Social media such as Facebook (NASDAQ:FB), Twitter, Tumblr, and Pinterest are gaining influence as a branding and marketing channel in online travel. OTAs and travel media admit they are still experimenting with various strategies to explore the social graph of social media users, emphasizing that traffic growth and revenue contribution are not near-term goals, but they all expect to tap social media to build brand affinity, connect with travelers, and create a sizable database for opt-in marketing. TripAdvisor, the most aggressive in social media marketing among the online travel firms, sees Facebook as a platform to drive membership, increase review contribution, and spread the concept of "wisdom of friends" to deepen engagement with users. Currently, Facebook users account for 35% of new reviews on TripAdvisor sites, and Facebook marketing has helped TripAdvisor double marketable members to 44 million in the past year.
Top online travel players are well-followed growth stories that are fairly valued
The online travel names on our coverage list are fairly valued in our view, with a median price/fair value estimate ratio of 1.07. Given impressive revenue and free cash flow growth in recent years, and continued secular tailwinds globally, we think top players in the online travel sector are well-followed growth stories, and that profit growth potentials over the next several years are reflected in the current valuation.
With shares trading at a 13% discount to our $780 fair value estimate, we view narrow-moat Priceline as offering a relatively more attractive risk/reward balance. Our $780 fair value estimate on the stock is based on assumptions that Priceline can grow travel bookings and revenues at 19.3% CAGR and 17.6% CAGR, respectively, over the next five years and maintain operating and EBITDA margins in the mid-30s. The stock trades at 21.3 times our 2013 EPS and at a price to fair value ratio of 0.9. Historically, Priceline traded at a valuation premium to its closest rival, Expedia, given more attractive international exposure, but the stock was under pressure in 2012 related to investor worries about European consumers and currency headwinds.

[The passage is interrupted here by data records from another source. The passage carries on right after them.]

lemma at_word_mem_if_moves_cone:
  assumes "moves_cone H s t" "bij f" "at_word t f \<in> H"
  shows "at_word s f \<in> H"
proof -
  obtain g where g: "g \<in> H" "\<And>\<eta>. g (s @- \<eta>) = t @- \<eta>"
    using assms(1) by (auto simp: moves_cone_def)
  have carrier: "g \<in> carrier BG" "at_word s f \<in> carrier BG" "at_word t f \<in> carrier BG"
    using bij_if_mem[OF g(1)] bij_at_word[OF assms(2)] by (auto simp: carrier_BijGroup_UNIV)
  have "g \<otimes>\<^bsub>BG\<^esub> at_word s f = at_word t f \<otimes>\<^bsub>BG\<^esub> g"
    using carrier at_word_conj[OF bij_is_inj g(2)] bij_if_mem[OF g(1)]
    by (simp add: mult_BijGroup_UNIV carrier_BijGroup_UNIV fun_eq_iff)
  then have "at_word s f = inv\<^bsub>BG\<^esub> g \<otimes>\<^bsub>BG\<^esub> (at_word t f \<otimes>\<^bsub>BG\<^esub> g)"
    using carrier by (simp add: BG.inv_solve_left)
  then show ?thesis
    using g(1) assms(3) subgroup.m_closed[OF subgroup_H] subgroup.m_inv_closed[OF subgroup_H]
    by simp
qed

context
  assumes x_mem: "x_at [] \<in> H" and p_mem: "pmap 0 \<in> H"
begin

lemma moves_cone_False_True: "moves_cone H [False] [True]"
  unfolding moves_cone_def
  using p_mem pmap_replicate_eq[of 0] by (intro bexI[of _ "pmap 0"]) auto

lemma moves_cone_by_x:
  "moves_cone H [False, False] [False]" "moves_cone H [True] [True, True]"
  "moves_cone H [False, True] [True, False]"
  unfolding moves_cone_def using x_mem
  by (auto simp: x_at_def at_word_def xmap_def intro!: bexI[of _ "x_at []"])

lemma moves_cone_Cons_False: "moves_cone H (a # w) [False]"
proof (induction w arbitrary: a)
  case Nil
  then show ?case
    using moves_cone_refl moves_cone_sym[OF moves_cone_False_True] by (cases a) auto
next
  case (Cons b v)
  have FT_TT: "moves_cone H (False # True # v) (True # True # v)"
    using moves_cone_append[OF moves_cone_False_True, of "True # v"] by simp
  have TT: "moves_cone H (True # True # v) (True # v)"
    using moves_cone_sym[OF moves_cone_append[OF moves_cone_by_x(2), of v]] by simp
  have FT: "moves_cone H (False # True # v) (True # v)"
    using moves_cone_trans[OF FT_TT TT] .
  have TF: "moves_cone H (True # False # v) (False # True # v)"
    using moves_cone_sym[OF moves_cone_append[OF moves_cone_by_x(3), of v]] by simp
  have FF: "moves_cone H (False # False # v) (False # v)"
    using moves_cone_append[OF moves_cone_by_x(1), of v] by simp
  show ?case
  proof (cases a; cases b)
    assume a b
    then show ?case using moves_cone_trans[OF TT Cons.IH] by simp
  next
    assume a "\<not> b"
    then show ?case using moves_cone_trans[OF moves_cone_trans[OF TF FT] Cons.IH] by simp
  next
    assume "\<not> a" b
    then show ?case using moves_cone_trans[OF FT Cons.IH] by simp
  next
    assume "\<not> a" "\<not> b"
    then show ?case using moves_cone_trans[OF FF Cons.IH] by simp
  qed
qed

lemma y_at_mem:
  assumes y_mem: "y_at [True, False] \<in> H"
  shows "y_at w \<in> H"
proof -
  have y_Cons: "y_at (a # v) \<in> H" for a v
    using at_word_mem_if_moves_cone[OF moves_cone_trans[OF moves_cone_Cons_False
          moves_cone_sym[OF moves_cone_Cons_False]] bij_ymap] y_mem by (simp add: y_at_def)
  have carrier: "y_at v \<in> carrier BG" "x_at v \<in> carrier BG" for v
    by (simp_all add: carrier_BijGroup_UNIV bij_y_at bij_x_at)
  have "y_at [] \<otimes>\<^bsub>BG\<^esub> y_at [False, True]
      = x_at [] \<otimes>\<^bsub>BG\<^esub> y_at [True] \<otimes>\<^bsub>BG\<^esub> y_at [False, False]"
    using y_at_Nil_comp_y_at_01 by (simp add: mult_BijGroup_UNIV bij_y_at bij_x_at bij_comp)
  then have "y_at [] = x_at [] \<otimes>\<^bsub>BG\<^esub> y_at [True] \<otimes>\<^bsub>BG\<^esub> y_at [False, False]
      \<otimes>\<^bsub>BG\<^esub> inv\<^bsub>BG\<^esub> y_at [False, True]"
    using carrier by (simp add: BG.inv_solve_right)
  then have y_Nil: "y_at [] \<in> H"
    using x_mem y_Cons subgroup.m_closed[OF subgroup_H] subgroup.m_inv_closed[OF subgroup_H]
    by simp
  show ?thesis
    using y_Cons y_Nil by (cases w) auto
qed

end

end

definition grp_y10T :: "(bool stream \<Rightarrow> bool stream) set" where
  "grp_y10T = generate BG ({y_at [True, False]} \<union> range x_at \<union> range pmap)"

lemma y10T_gens_subset_carrier: "{y_at [True, False]} \<union> range x_at \<union> range pmap \<subseteq> carrier BG"
  by (auto simp: carrier_BijGroup_UNIV bij_x_at bij_y_at bij_pmap)

lemma subgroup_grp_y10T: "subgroup grp_y10T BG"
  unfolding grp_y10T_def by (rule BG.generate_is_subgroup[OF y10T_gens_subset_carrier])

lemma y10T_gens_subset_grp_y10T: "{y_at [True, False]} \<union> range x_at \<union> range pmap \<subseteq> grp_y10T"
  unfolding grp_y10T_def by (auto intro: generate.incl)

A string of statistics out of Europe in recent weeks seems to suggest that although local economies are still in the doldrums, risks of a severe, broad-based recession in the near future are not high. In addition, we think investors are not as preoccupied with worries of a catastrophic collapse of the euro monetary union. Both trends bode well for more stable operational results for Priceline, in our view. We'd also note that Priceline was able to post a 40% increase in hotel booking volume in 2012 (compared with 26.4% at Expedia) despite heavy exposure to Europe, which supports our view that a well-established supplier network and strong track record can continue to buttress Priceline's position in Europe and that travel demand on the continent is more resilient than many investors had expected.
The biggest risk to our fair value estimate remains the economic conditions in Europe, which can weigh on hotel booking volume, average daily rates, and commissions that Priceline and its Booking.com subsidiary can earn. In addition, Expedia may prove to be a tougher-than-expected incumbent in the U.S. market, given its solid supplier base and recent efforts to woo travelers by offering the choice of booking with either merchant or agency model.